Table of Contents
Thinking model is smarter but slow. For speed, that’s where non-thinking model shines. Google announces that in Gemini 2.5, both Flash and Pro will be thinking model while only Flash-Lite would be a non-thinking model. Let’s see which one is the better choice in terms of performance benchmarks and pricing.
1. Performance Benchmarks (Non-Thinking Model)
Capability | Benchmark | Gemini 2.5 Flash-Lite (Non-Thinking) | Gemini 2.0 Flash | Winner |
---|---|---|---|---|
General Reasoning | MMLU-Pro | 71.6% | 77.6% | 2.0 Flash |
Scientific QA | GPQA Diamond | 64.6% | 60.1% | 2.5 Lite |
Math | AIME 2025 | 49.8% | 63.5%(HiddenMath) | 2.0 Flash |
Code (Python) | LiveCodeBench | 33.7% | 34.5% | 2.0 Flash |
Code Editing | Aider Polyglot | 26.7% | ~25% (est.) | 2.5 Lite |
SWE-bench (Agentic Coding) | SWE Verified | 42.6% | ~34.5% (est.) | 2.5 Lite |
Factual QA (Simple) | SimpleQA | 10.7% | 29.9% | 2.0 Flash |
Factual QA (Grounded) | FACTS Grounding | 84.1% | 84.6% | 2.0 Flash |
Multilingual QA | Global MMLU (Lite) | 81.1% | 83.4% | 2.0 Flash |
Image Reasoning | MMMU | 72.9% | 71.7% | 2.5 Lite |
Long-Context Memory | MRCR (1M) | 4.1% | 70.5% | 2.0 Flash |
Sources: Gemini 2.0 Benchmark, Gemini 2.5 Benchmark
- Gemini 2.0 Flash wins 7 out of 11 benchmarks, excelling in general reasoning, math, Python coding, factual QA (simple and grounded), multilingual understanding, and long-context memory.

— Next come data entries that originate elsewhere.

(* Let $\Sigma\subset\mathbb G$ be a regular surface and $\gamma=(\gamma_1,\gamma_2,\gamma_3):[a,b]\to\Sigma$ a Euclidean $C^2$-smooth regular curve, and let $t\in[a,b]$ be such that $\gamma(t)$ is a non-characteristic point of $\Sigma$, with $\bar p,\bar q$ evaluated at $\gamma(t)$. Write $\omega(\dot\gamma(t))=\frac{\dot\gamma_2}{\gamma_1}-\dot\gamma_3$. (i) If $\omega(\dot\gamma(t))\ne0$, then $\lim_{L\to+\infty}k^L_{\gamma,\Sigma}$ exists and equals $\dfrac{|\bar p\dot\gamma_1+\bar q\dot\gamma_2|}{|\gamma_1|\,|\omega(\dot\gamma(t))|}$. (ii) If $\omega(\dot\gamma(t))=0$ and $\frac{d}{dt}\omega(\dot\gamma(t))=0$, then $\lim_{L\to+\infty}k^L_{\gamma,\Sigma}=0$. (iii) If $\omega(\dot\gamma(t))=0$ and $\frac{d}{dt}\omega(\dot\gamma(t))\ne0$, then $$\lim_{L\to+\infty}\frac{k^L_{\gamma,\Sigma}}{\sqrt L}=\frac{\big|\frac{d}{dt}\omega(\dot\gamma(t))\big|}{\big(\bar q\frac{\dot\gamma_1}{\gamma_1}-\bar p\dot\gamma_3\big)^2}.$$
   Context: $\mathbb G=(0,\infty)\times\mathbb R^2$ is the affine group with coordinates $(x_1,x_2,x_3)$. Let $X_1=x_1\partial_{x_1}$, $X_2=x_1\partial_{x_2}+\partial_{x_3}$, $X_3=x_1\partial_{x_2}$ with dual forms $\omega_1=x_1^{-1}dx_1$, $\omega_2=dx_3$, $\omega=x_1^{-1}dx_2-dx_3$; for $L>0$, $g_L=\omega_1\otimes\omega_1+\omega_2\otimes\omega_2+L\,\omega\otimes\omega$ (so $X_1,X_2,\widetilde X_3:=L^{-1/2}X_3$ is orthonormal) with Levi-Civita connection $\nabla^L$. A regular surface is a Euclidean $C^2$-smooth compact oriented surface $\Sigma=\{u=0\}$ with $u$ Euclidean $C^2$ and nonvanishing Euclidean gradient. Put $p=X_1u$, $q=X_2u$, $l=\sqrt{p^2+q^2}$, $\bar p=p/l$, $\bar q=q/l$; a point is non-characteristic if $l\neq0$. Let $\nabla^{\Sigma,L}_UV$ be the $g_L$-orthogonal projection of $\nabla^L_UV$ onto $T\Sigma$ (the Levi-Civita connection of the induced metric). The geodesic curvature of $\gamma$ is $$k^L_{\gamma,\Sigma}=\sqrt{\frac{\|\nabla^{\Sigma,L}_{\dot\gamma}\dot\gamma\|_L^2}{\|\dot\gamma\|_L^4}-\frac{\langle\nabla^{\Sigma,L}_{\dot\gamma}\dot\gamma,\dot\gamma\rangle_L^2}{\|\dot\gamma\|_L^6}}.$$ *)

theory Defs
  imports "HOL-Analysis.Analysis"
begin
lemma lie_nilpotent_subset:
  assumes "lie_nilpotent sc br S" "B \<subseteq> S" "0 \<in> B"
  shows "lie_nilpotent sc br B"
proof -
  obtain n where "lcs sc br S n = {0}" using assms(1) by (auto simp: lie_nilpotent_def)
  then have "lcs sc br B n = {0}"
    using lcs_mono[OF assms(2), of n] zero_mem_lcs[OF assms(3), of n] by blast
  then show ?thesis by (auto simp: lie_nilpotent_def)
qed

lemma abelian_lie_nilpotent:
  assumes "0 \<in> S" "\<And>a b. a \<in> S \<Longrightarrow> b \<in> S \<Longrightarrow> br a b = 0"
  shows "lie_nilpotent sc br S"
proof -
  have "{br a b | a b. a \<in> S \<and> b \<in> lcs sc br S 0} \<subseteq> {0}" using assms(2) by auto
  then have "lcs sc br S 1 \<subseteq> {0}" by (simp add: span_minimal)
  then have "lcs sc br S 1 = {0}" using zero_mem_lcs[OF assms(1)] by blast
  then show ?thesis unfolding lie_nilpotent_def by blast
qed

text \<open>The last nonzero term of the lower central series is central.\<close>
lemma lie_nilpotent_central_element:
  assumes "lie_nilpotent sc br S" "x \<in> S" "x \<noteq> 0"
  shows "\<exists>z. z \<noteq> 0 \<and> (\<forall>y\<in>S. br y z = 0)"
proof -
  obtain n where "lcs sc br S n \<subseteq> {0}" using assms(1) by (auto simp: lie_nilpotent_def)
  moreover have "\<not> lcs sc br S 0 \<subseteq> {0}" using assms(2,3) by auto
  ultimately obtain m where m: "\<not> lcs sc br S m \<subseteq> {0}" "lcs sc br S (Suc m) \<subseteq> {0}"
    using ex_least_nat_less[of "\<lambda>n. lcs sc br S n \<subseteq> {0}"] by blast
  then obtain z where z: "z \<in> lcs sc br S m" "z \<noteq> 0" by blast
  have "br y z = 0" if "y \<in> S" for y
    using m(2) z(1) that by (auto intro: span_base)
  then show ?thesis using z(2) by blast
qed

text \<open>\<open>I\<^bsup>0\<^esup> = L\<close> and \<open>I\<^bsup>p+1\<^esup> = C\<^bsup>p\<^esup>(I)\<close>; the shift makes \<open>[I, I\<^bsup>p\<^esup>] \<subseteq> I\<^bsup>p+1\<^esup>\<close> hold also for \<open>p = 0\<close>.\<close>
definition ideal_power :: "'v set \<Rightarrow> nat \<Rightarrow> 'v set" where
  "ideal_power I p = (case p of 0 \<Rightarrow> UNIV | Suc q \<Rightarrow> lcs sc br I q)"

lemma lie_ideal_ideal_power:
  assumes "lie_ideal sc br I"
  shows "lie_ideal sc br (ideal_power I p)"
proof (cases p)
  case 0
  then show ?thesis by (simp add: ideal_power_def lie_ideal_def)
next
  case Suc
  then show ?thesis by (simp add: ideal_power_def lie_ideal_lcs[OF assms])
qed

lemma br_mem_ideal_power_Suc:
  assumes I: "lie_ideal sc br I" and "a \<in> I" "z \<in> ideal_power I p"
  shows "br a z \<in> ideal_power I (Suc p)"
proof (cases p)
  case 0
  have "br z a \<in> I" using I assms(2) by (simp add: lie_ideal_def)
  then have "- br z a \<in> I" using I subspace_neg by (auto simp: lie_ideal_def)
  then show ?thesis using 0 by (simp add: ideal_power_def br_anticomm[of a z])
next
  case Suc
  then show ?thesis using assms(2,3) by (auto simp: ideal_power_def intro!: span_base)
qed
lemma summable_descent: "summable (\<lambda>k. \<alpha> k * - slope k)"
proof -
  obtain c where "c \<in> C"
    using C_ne by blast
  have "\<forall>k. F (x k) \<in> F ` {y. cone_le K (F y) (F (x 0))}"
    by (auto simp: cone_le_iff F_le_F0)
  then have "\<exists>D0. \<forall>k. cone_le K D0 (F (x k))"
    using F_Suc_le by (intro A2[rule_format] conjI) (auto simp: cone_le_iff)
  then obtain D0 where D0: "\<And>k. inner c D0 \<le> inner c (F (x k))"
    using \<open>c \<in> C\<close> by (auto simp: cone_le_iff)
  define B where "B = (inner c (F (x 0)) - inner c D0) / (\<rho> * inner c e)"
  have nonneg: "0 \<le> \<alpha> k * - slope k" for k
    using alpha_pos[of k] slope_neg[of k] by (intro mult_nonneg_nonneg) auto
  have partial_sums: "(\<Sum>k<n. \<alpha> k * - slope k) \<le> B" for n
  proof -
    have "\<rho> * inner c e * (\<Sum>k<n. \<alpha> k * - slope k) = (\<Sum>k<n. \<rho> * inner c e * (\<alpha> k * - slope k))"
      by (simp add: sum_distrib_left)
    also have "\<dots> \<le> (\<Sum>k<n. inner c (F (x k)) - inner c (F (x (Suc k))))"
      using F_descent[OF \<open>c \<in> C\<close>] by (intro sum_mono) (simp add: algebra_simps)
    also have "\<dots> = inner c (F (x 0)) - inner c (F (x n))"
      by (rule sum_lessThan_telescope')
    also have "\<dots> \<le> inner c (F (x 0)) - inner c D0"
      using D0 by simp
    finally show ?thesis
      using rho inner_e_pos[OF \<open>c \<in> C\<close>] by (simp add: B_def pos_le_divide_eq mult.commute)
  qed
  show ?thesis
  proof (rule bounded_imp_summable[OF nonneg])
    show "(\<Sum>k\<le>n. \<alpha> k * - slope k) \<le> B" for n
      using partial_sums[of "Suc n"] by (simp only: lessThan_Suc_atMost)
  qed
qed

lemma alpha_ge_if_backtracked:
  assumes "\<alpha> k \<noteq> \<tau> k"
  shows "\<delta> * (1 - \<rho>) * - slope k / (L * (\<Sum>c\<in>C. norm c) * (norm (d k))\<^sup>2) \<le> \<alpha> k"
proof -
  let ?X = "L * (\<Sum>c\<in>C. norm c) * (norm (d k))\<^sup>2"
  obtain j where \<alpha>j: "\<alpha> k = \<delta> ^ j * \<tau> k"
    and fails: "\<And>i. i < j \<Longrightarrow> \<exists>c\<in>C. inner c (F (x k)) + \<rho> * (\<delta> ^ i * \<tau> k) * slope k * inner c e
                              < inner c (F (x k + (\<delta> ^ i * \<tau> k) *\<^sub>R d k))"
    by (rule armijo_step[of k]) blast
  have "j \<noteq> 0"
    using assms \<alpha>j by (cases j) auto
  then obtain i where "j = Suc i"
    using not0_implies_Suc by blast
  \<comment> \<open>the previous trial step t = \<alpha>_k / \<delta> failed the Armijo test, which forces t to be large\<close>
  define t where "t = \<delta> ^ i * \<tau> k"
  have "t > 0"
    using delta tau_pos[of k] by (simp add: t_def)
  have "(1 - \<rho>) * - slope k \<le> L * (\<Sum>c\<in>C. norm c) * t * (norm (d k))\<^sup>2"
  proof (rule armijo_failure_step_bound[OF F_deriv lip _ \<Lambda>_open C_fin C_ne mem_\<Lambda>_if_F_le_iterate])
    show "\<exists>c\<in>C. inner c (F (x k)) + \<rho> * t * slope k * inner c e < inner c (F (x k + t *\<^sub>R d k))"
      using fails[of i] \<open>j = Suc i\<close> by (simp add: t_def)
  qed (use L_pos rho slope_neg[of k] e_C \<open>t > 0\<close> in auto)
  then have "(1 - \<rho>) * - slope k \<le> t * ?X"
    by (simp only: ac_simps)
  moreover have "0 < (\<Sum>c\<in>C. norm c)"
    using C_fin C_ne C_0 by (auto intro!: sum_pos2)
  then have "0 < ?X"
    using L_pos d_nonzero[of k] by simp
  ultimately have "(1 - \<rho>) * - slope k / ?X \<le> t"
    by (subst pos_divide_le_eq)
  then have "\<delta> * ((1 - \<rho>) * - slope k / ?X) \<le> \<delta> * t"
    using delta by (intro mult_left_mono) auto
  moreover have "\<alpha> k = \<delta> * t"
    using \<alpha>j \<open>j = Suc i\<close> by (simp add: t_def)
  ultimately show ?thesis
    by (simp only: times_divide_eq_right mult.assoc)
qed

lemma step_lower_bound:
  obtains \<kappa> where "\<kappa> > 0" "\<And>k. \<kappa> * ((slope k)\<^sup>2 / (norm (d k))\<^sup>2) \<le> \<alpha> k * - slope k"
proof -
  define cm where "cm = (\<Sum>c\<in>C. norm c)"
  have "cm > 0"
    using C_fin C_ne C_0 by (auto simp: cm_def intro!: sum_pos2)
  define \<kappa> where "\<kappa> = min 1 (\<delta> * (1 - \<rho>) / (L * cm))"
  have "\<kappa> > 0"
    using delta rho L_pos \<open>cm > 0\<close> by (simp add: \<kappa>_def)
  moreover have "\<kappa> * ((slope k)\<^sup>2 / (norm (d k))\<^sup>2) \<le> \<alpha> k * - slope k" for k
  proof -
    define \<sigma> where "\<sigma> = - slope k"
    define g where "g = \<sigma>\<^sup>2 / (norm (d k))\<^sup>2"
    have "\<sigma> > 0" "g \<ge> 0"
      using slope_neg[of k] by (simp_all add: \<sigma>_def g_def)
    have "\<kappa> * g \<le> \<alpha> k * \<sigma>"
    proof (cases "\<alpha> k = \<tau> k")
      case True
      then have "\<alpha> k * \<sigma> = g"
        using tauk by (simp add: \<sigma>_def g_def power2_eq_square)
      moreover have "\<kappa> * g \<le> 1 * g"
        using \<open>g \<ge> 0\<close> by (intro mult_right_mono) (auto simp: \<kappa>_def)
      ultimately show ?thesis
        by simp
    next
      case False
      have "\<kappa> * g \<le> \<delta> * (1 - \<rho>) / (L * cm) * g"
        using \<open>g \<ge> 0\<close> by (intro mult_right_mono) (auto simp: \<kappa>_def)
      also have "\<dots> = \<delta> * (1 - \<rho>) * \<sigma> / (L * cm * (norm (d k))\<^sup>2) * \<sigma>"
        by (simp add: g_def power2_eq_square)
      also have "\<dots> \<le> \<alpha> k * \<sigma>"
        using alpha_ge_if_backtracked[OF False] \<open>\<sigma> > 0\<close> by (intro mult_right_mono) (auto simp: \<sigma>_def cm_def)
      finally show ?thesis .
    qed
    then show ?thesis
      by (simp add: \<sigma>_def g_def power2_eq_square)
  qed
  ultimately show thesis
    by (rule that)
qed

lemma slope_ratio_tendsto_0: "(\<lambda>k. (slope k)\<^sup>2 / (norm (d k))\<^sup>2) \<longlonglongrightarrow> 0"
proof -
  obtain \<kappa> where "\<kappa> > 0" and \<kappa>: "\<And>k. \<kappa> * ((slope k)\<^sup>2 / (norm (d k))\<^sup>2) \<le> \<alpha> k * - slope k"
    using step_lower_bound by blast
  have "summable (\<lambda>k. \<alpha> k * - slope k / \<kappa>)"
    by (rule summable_divide[OF summable_descent])
  moreover have "norm ((slope k)\<^sup>2 / (norm (d k))\<^sup>2) \<le> \<alpha> k * - slope k / \<kappa>" for k
  proof -
    have "norm ((slope k)\<^sup>2 / (norm (d k))\<^sup>2) = \<kappa> * ((slope k)\<^sup>2 / (norm (d k))\<^sup>2) / \<kappa>"
      using \<open>\<kappa> > 0\<close> by simp
    also have "\<dots> \<le> \<alpha> k * - slope k / \<kappa>"
      using \<kappa>[of k] \<open>\<kappa> > 0\<close> by (intro divide_right_mono) auto
    finally show ?thesis .
  qed
  ultimately have "summable (\<lambda>k. (slope k)\<^sup>2 / (norm (d k))\<^sup>2)"
    by (rule summable_comparison_test')
  then show ?thesis
    by (rule summable_LIMSEQ_zero)
qed

abbreviation d_ratio :: "nat \<Rightarrow> real" where
  "d_ratio k \<equiv> norm (d k) / (norm (v k))\<^sup>2"

lemma d_ratio_Suc_le: "d_ratio (Suc k) \<le> 1 / norm (v (Suc k)) + 2 / \<mu> * d_ratio k"
proof -
  have "d (Suc k) = v (Suc k) + \<beta> (Suc k) *\<^sub>R d k"
    using dk by simp
  then have "norm (d (Suc k)) \<le> norm (v (Suc k)) + norm (\<beta> (Suc k) *\<^sub>R d k)"
    by (metis norm_triangle_ineq)
  also have "norm (\<beta> (Suc k) *\<^sub>R d k) = \<beta> (Suc k) * norm (d k)"
    using beta_bounds(1)[of "Suc k"] by simp
  also have "\<beta> (Suc k) * norm (d k) = \<beta> (Suc k) * (norm (v k))\<^sup>2 * d_ratio k"
    using infinite_seq by simp
  also have "\<dots> \<le> 2 / \<mu> * (norm (v (Suc k)))\<^sup>2 * d_ratio k"
    using beta_bounds(2)[of "Suc k"] by (intro mult_right_mono) auto
  finally have "d_ratio (Suc k)
      \<le> (norm (v (Suc k)) + 2 / \<mu> * (norm (v (Suc k)))\<^sup>2 * d_ratio k) / (norm (v (Suc k)))\<^sup>2"
    by (simp add: divide_right_mono)
  also have "\<dots> = 1 / norm (v (Suc k)) + 2 / \<mu> * d_ratio k"
    using infinite_seq by (simp add: add_divide_distrib power2_eq_square)
  finally show ?thesis .
qed

lemma slope_ratio_ge: "(1 - 2 / \<mu>)\<^sup>2 / (d_ratio k)\<^sup>2 \<le> (slope k)\<^sup>2 / (norm (d k))\<^sup>2"
proof -
  define a where "a = (1 - 2 / \<mu>) * (norm (v k))\<^sup>2"
  have "0 \<le> a"
    using mu by (simp add: a_def)
  have "a\<^sup>2 \<le> (- slope k)\<^sup>2"
    using slope_le[of k] \<open>0 \<le> a\<close> by (intro power_mono) (simp_all add: a_def algebra_simps)
  have "(1 - 2 / \<mu>)\<^sup>2 / (d_ratio k)\<^sup>2 = a\<^sup>2 / (norm (d k))\<^sup>2"
    using infinite_seq by (simp add: a_def power_divide power_mult_distrib)
  also have "\<dots> \<le> (slope k)\<^sup>2 / (norm (d k))\<^sup>2"
    using \<open>a\<^sup>2 \<le> (- slope k)\<^sup>2\<close> by (simp add: divide_right_mono)
  finally show ?thesis .
qed

lemma d_ratio_bounded:
  assumes "\<gamma> > 0" and N: "\<And>k. k \<ge> N \<Longrightarrow> \<gamma> < norm (v k)"
  obtains B where "B > 0" "\<And>k. k \<ge> N \<Longrightarrow> d_ratio k \<le> B"
proof
  define B where "B = max (d_ratio N) (1 / \<gamma> / (1 - 2 / \<mu>))"
  show "B > 0"
    using d_nonzero[of N] infinite_seq by (simp add: B_def less_max_iff_disj)
  \<comment> \<open>once \<parallel>v_k\<parallel> stays above \<gamma>, the recurrence for d_ratio is a contraction plus a bounded term\<close>
  show "d_ratio k \<le> B" if "k \<ge> N" for k
    unfolding B_def
  proof (rule affine_recurrence_bounded[OF _ _ _ that])
    show "d_ratio (Suc k) \<le> 1 / \<gamma> + 2 / \<mu> * d_ratio k" if "k \<ge> N" for k
    proof -
      have "1 / norm (v (Suc k)) \<le> 1 / \<gamma>"
        using N[of "Suc k"] \<open>k \<ge> N\<close> \<open>\<gamma> > 0\<close> by (simp add: frac_le)
      then show ?thesis
        using d_ratio_Suc_le[of k] by linarith
    qed
  qed (use mu in auto)
qed

lemma frequently_norm_v_le:
  assumes "\<gamma> > 0"
  shows "frequently (\<lambda>k. norm (v k) \<le> \<gamma>) sequentially"
proof (rule ccontr)
  assume "\<not> ?thesis"
  then obtain N where "\<And>k. k \<ge> N \<Longrightarrow> \<gamma> < norm (v k)"
    by (auto simp: not_frequently eventually_sequentially not_le)
  with \<open>\<gamma> > 0\<close> obtain B where "B > 0" and d_ratio_le: "\<And>k. k \<ge> N \<Longrightarrow> d_ratio k \<le> B"
    using d_ratio_bounded by blast
  have "(1 - 2 / \<mu>)\<^sup>2 / B\<^sup>2 \<le> (slope k)\<^sup>2 / (norm (d k))\<^sup>2" if "k \<ge> N" for k
  proof -
    have "(d_ratio k)\<^sup>2 \<le> B\<^sup>2"
      using d_ratio_le[OF that] by (intro power_mono) auto
    moreover have "d_ratio k > 0"
      using d_nonzero[of k] infinite_seq by simp
    ultimately have "(1 - 2 / \<mu>)\<^sup>2 / B\<^sup>2 \<le> (1 - 2 / \<mu>)\<^sup>2 / (d_ratio k)\<^sup>2"
      using \<open>B > 0\<close> by (intro divide_left_mono) (auto intro!: mult_pos_pos)
    also have "\<dots> \<le> (slope k)\<^sup>2 / (norm (d k))\<^sup>2"
      by (rule slope_ratio_ge)
    finally show ?thesis .
  qed
  moreover have "(1 - 2 / \<mu>)\<^sup>2 / B\<^sup>2 > 0"
    using mu \<open>B > 0\<close> by simp
  then obtain M where "\<And>k. k \<ge> M \<Longrightarrow> (slope k)\<^sup>2 / (norm (d k))\<^sup>2 < (1 - 2 / \<mu>)\<^sup>2 / B\<^sup>2"
    using order_tendstoD(2)[OF slope_ratio_tendsto_0] by (auto simp: eventually_sequentially)
  ultimately show False
    by (metis max.cobounded1 max.cobounded2 not_le)
qed

theorem liminf_norm_v: "liminf (\<lambda>k. ereal (norm (v k))) = 0"
  using frequently_norm_v_le by (intro liminf_ereal_eq_0I) auto

end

- Gemini 2.5 Flash-Lite wins 4 out of 11 benchmarks, leading in scientific QA, code editing, agentic coding, and image reasoning.
2. Pricing
Model | Input (1M tokens) | Output (1M tokens) |
Gemini 2.0 Flash | $0.15 | $0.60 |
Gemini 2.5 Flash-Lite | $0.10 | $0.40 |
Source: Gemini Pricing
2.5 Flash-Lite is ~33% cheaper than 2.0 Flash, which is good for high-volume users who do not need long-context.
3. Conclusion
- 2.5 Flash-Lite is the cheaper and best for short-form, single-shot tasks.
- 2.0 Flash remains the most balanced non-thinking model for comprehensive performance across a variety of domains.